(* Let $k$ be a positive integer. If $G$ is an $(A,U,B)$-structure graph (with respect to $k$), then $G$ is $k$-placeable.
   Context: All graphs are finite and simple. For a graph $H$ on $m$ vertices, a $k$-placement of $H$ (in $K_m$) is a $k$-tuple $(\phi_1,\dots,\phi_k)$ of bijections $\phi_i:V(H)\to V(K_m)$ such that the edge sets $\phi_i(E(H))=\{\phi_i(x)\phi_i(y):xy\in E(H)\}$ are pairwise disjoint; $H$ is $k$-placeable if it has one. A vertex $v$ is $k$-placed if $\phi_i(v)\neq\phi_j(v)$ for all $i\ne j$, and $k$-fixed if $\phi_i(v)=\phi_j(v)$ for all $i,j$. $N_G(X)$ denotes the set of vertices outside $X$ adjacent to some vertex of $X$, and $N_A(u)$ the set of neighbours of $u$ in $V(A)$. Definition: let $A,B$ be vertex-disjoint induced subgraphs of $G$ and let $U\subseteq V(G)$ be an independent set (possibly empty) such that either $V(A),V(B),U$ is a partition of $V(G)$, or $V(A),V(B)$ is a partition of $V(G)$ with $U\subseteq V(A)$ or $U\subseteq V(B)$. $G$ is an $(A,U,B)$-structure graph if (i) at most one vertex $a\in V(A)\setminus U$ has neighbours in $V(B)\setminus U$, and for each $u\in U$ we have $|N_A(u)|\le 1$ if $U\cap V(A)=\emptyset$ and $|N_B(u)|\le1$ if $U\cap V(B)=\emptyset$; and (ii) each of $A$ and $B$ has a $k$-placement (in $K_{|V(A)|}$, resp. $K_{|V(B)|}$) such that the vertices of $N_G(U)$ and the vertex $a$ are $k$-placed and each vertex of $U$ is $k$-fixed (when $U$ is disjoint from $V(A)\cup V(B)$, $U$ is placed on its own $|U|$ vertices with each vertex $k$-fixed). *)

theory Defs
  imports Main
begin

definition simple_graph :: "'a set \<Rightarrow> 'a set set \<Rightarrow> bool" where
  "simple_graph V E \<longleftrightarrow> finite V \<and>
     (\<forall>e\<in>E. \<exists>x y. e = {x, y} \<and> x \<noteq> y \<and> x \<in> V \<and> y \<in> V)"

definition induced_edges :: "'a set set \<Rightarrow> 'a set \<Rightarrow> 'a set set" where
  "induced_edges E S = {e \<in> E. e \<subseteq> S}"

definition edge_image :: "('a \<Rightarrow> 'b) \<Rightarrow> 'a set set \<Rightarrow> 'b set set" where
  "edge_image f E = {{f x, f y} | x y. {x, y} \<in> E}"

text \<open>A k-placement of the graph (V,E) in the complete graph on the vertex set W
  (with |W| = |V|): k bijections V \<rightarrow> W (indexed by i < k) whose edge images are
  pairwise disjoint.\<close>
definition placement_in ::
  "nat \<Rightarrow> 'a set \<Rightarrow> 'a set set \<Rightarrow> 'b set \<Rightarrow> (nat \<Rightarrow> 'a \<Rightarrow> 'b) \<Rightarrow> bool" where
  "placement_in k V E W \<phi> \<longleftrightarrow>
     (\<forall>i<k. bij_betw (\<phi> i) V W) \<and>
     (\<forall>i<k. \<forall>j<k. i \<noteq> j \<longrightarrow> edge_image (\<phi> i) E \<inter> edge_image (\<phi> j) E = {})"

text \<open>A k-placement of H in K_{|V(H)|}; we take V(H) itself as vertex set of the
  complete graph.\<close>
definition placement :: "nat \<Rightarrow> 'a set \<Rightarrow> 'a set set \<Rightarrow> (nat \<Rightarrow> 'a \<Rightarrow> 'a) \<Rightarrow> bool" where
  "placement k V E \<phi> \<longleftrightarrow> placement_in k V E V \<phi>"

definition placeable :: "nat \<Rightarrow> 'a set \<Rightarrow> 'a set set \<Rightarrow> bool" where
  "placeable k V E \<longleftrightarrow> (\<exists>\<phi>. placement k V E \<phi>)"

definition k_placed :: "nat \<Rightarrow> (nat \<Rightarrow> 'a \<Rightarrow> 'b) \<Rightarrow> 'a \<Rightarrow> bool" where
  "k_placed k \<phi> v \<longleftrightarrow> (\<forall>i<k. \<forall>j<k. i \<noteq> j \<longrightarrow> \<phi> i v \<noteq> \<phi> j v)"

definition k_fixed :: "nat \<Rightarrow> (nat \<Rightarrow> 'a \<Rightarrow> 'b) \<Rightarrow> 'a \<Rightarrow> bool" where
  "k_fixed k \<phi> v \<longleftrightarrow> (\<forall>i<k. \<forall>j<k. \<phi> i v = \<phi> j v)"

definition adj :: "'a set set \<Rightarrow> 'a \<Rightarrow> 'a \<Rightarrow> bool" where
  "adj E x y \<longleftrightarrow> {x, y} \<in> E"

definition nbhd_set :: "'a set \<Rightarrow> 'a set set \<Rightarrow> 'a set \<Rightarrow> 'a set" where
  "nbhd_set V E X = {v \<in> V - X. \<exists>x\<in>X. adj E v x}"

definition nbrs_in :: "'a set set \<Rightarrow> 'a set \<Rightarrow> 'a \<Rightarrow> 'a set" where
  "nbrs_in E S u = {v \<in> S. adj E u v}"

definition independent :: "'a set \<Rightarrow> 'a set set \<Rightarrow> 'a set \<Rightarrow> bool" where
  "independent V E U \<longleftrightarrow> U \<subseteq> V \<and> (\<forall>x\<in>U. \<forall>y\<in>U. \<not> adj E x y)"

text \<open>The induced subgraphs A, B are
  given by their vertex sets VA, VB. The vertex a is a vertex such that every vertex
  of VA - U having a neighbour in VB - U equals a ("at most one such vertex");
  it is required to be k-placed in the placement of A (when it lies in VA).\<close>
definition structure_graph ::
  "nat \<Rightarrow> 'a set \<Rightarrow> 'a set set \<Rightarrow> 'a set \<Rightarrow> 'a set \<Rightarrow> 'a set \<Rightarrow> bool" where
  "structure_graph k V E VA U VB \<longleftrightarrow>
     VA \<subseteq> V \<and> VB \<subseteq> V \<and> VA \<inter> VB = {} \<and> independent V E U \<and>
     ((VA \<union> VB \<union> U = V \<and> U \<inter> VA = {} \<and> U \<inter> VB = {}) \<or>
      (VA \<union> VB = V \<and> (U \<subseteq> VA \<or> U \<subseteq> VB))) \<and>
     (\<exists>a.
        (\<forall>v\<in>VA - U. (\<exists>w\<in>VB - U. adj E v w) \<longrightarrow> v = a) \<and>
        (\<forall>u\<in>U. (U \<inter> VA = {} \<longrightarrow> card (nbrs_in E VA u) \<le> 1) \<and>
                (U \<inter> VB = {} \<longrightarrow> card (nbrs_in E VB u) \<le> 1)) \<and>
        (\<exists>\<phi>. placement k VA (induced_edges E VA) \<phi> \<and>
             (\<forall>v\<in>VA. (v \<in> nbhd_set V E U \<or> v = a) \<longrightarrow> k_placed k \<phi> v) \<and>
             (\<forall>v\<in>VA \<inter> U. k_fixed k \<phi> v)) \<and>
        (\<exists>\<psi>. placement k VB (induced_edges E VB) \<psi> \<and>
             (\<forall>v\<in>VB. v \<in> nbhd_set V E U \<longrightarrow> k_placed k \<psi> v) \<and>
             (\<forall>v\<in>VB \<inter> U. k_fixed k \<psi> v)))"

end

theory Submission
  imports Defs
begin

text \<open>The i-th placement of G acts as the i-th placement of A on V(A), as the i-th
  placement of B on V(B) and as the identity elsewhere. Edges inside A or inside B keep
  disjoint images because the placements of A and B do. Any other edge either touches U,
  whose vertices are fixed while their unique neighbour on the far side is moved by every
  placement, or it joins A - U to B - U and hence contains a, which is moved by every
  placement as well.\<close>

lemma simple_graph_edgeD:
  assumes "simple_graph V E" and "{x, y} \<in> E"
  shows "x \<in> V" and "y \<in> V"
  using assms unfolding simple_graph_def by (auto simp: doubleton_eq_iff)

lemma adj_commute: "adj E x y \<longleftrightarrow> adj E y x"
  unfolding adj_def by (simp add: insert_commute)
========
What this task involves – Report all lines of the material that contain the word "open".

Your response –
text \<open>A k-placement of the graph (V,E) in the complete graph on the vertex set W
text \<open>A k-placement of H in K_{|V(H)|}; we take V(H) itself as vertex set of the
text \<open>The induced subgraphs A, B are
text \<open>The i-th placement of G acts as the i-th placement of A on V(A), as the i-th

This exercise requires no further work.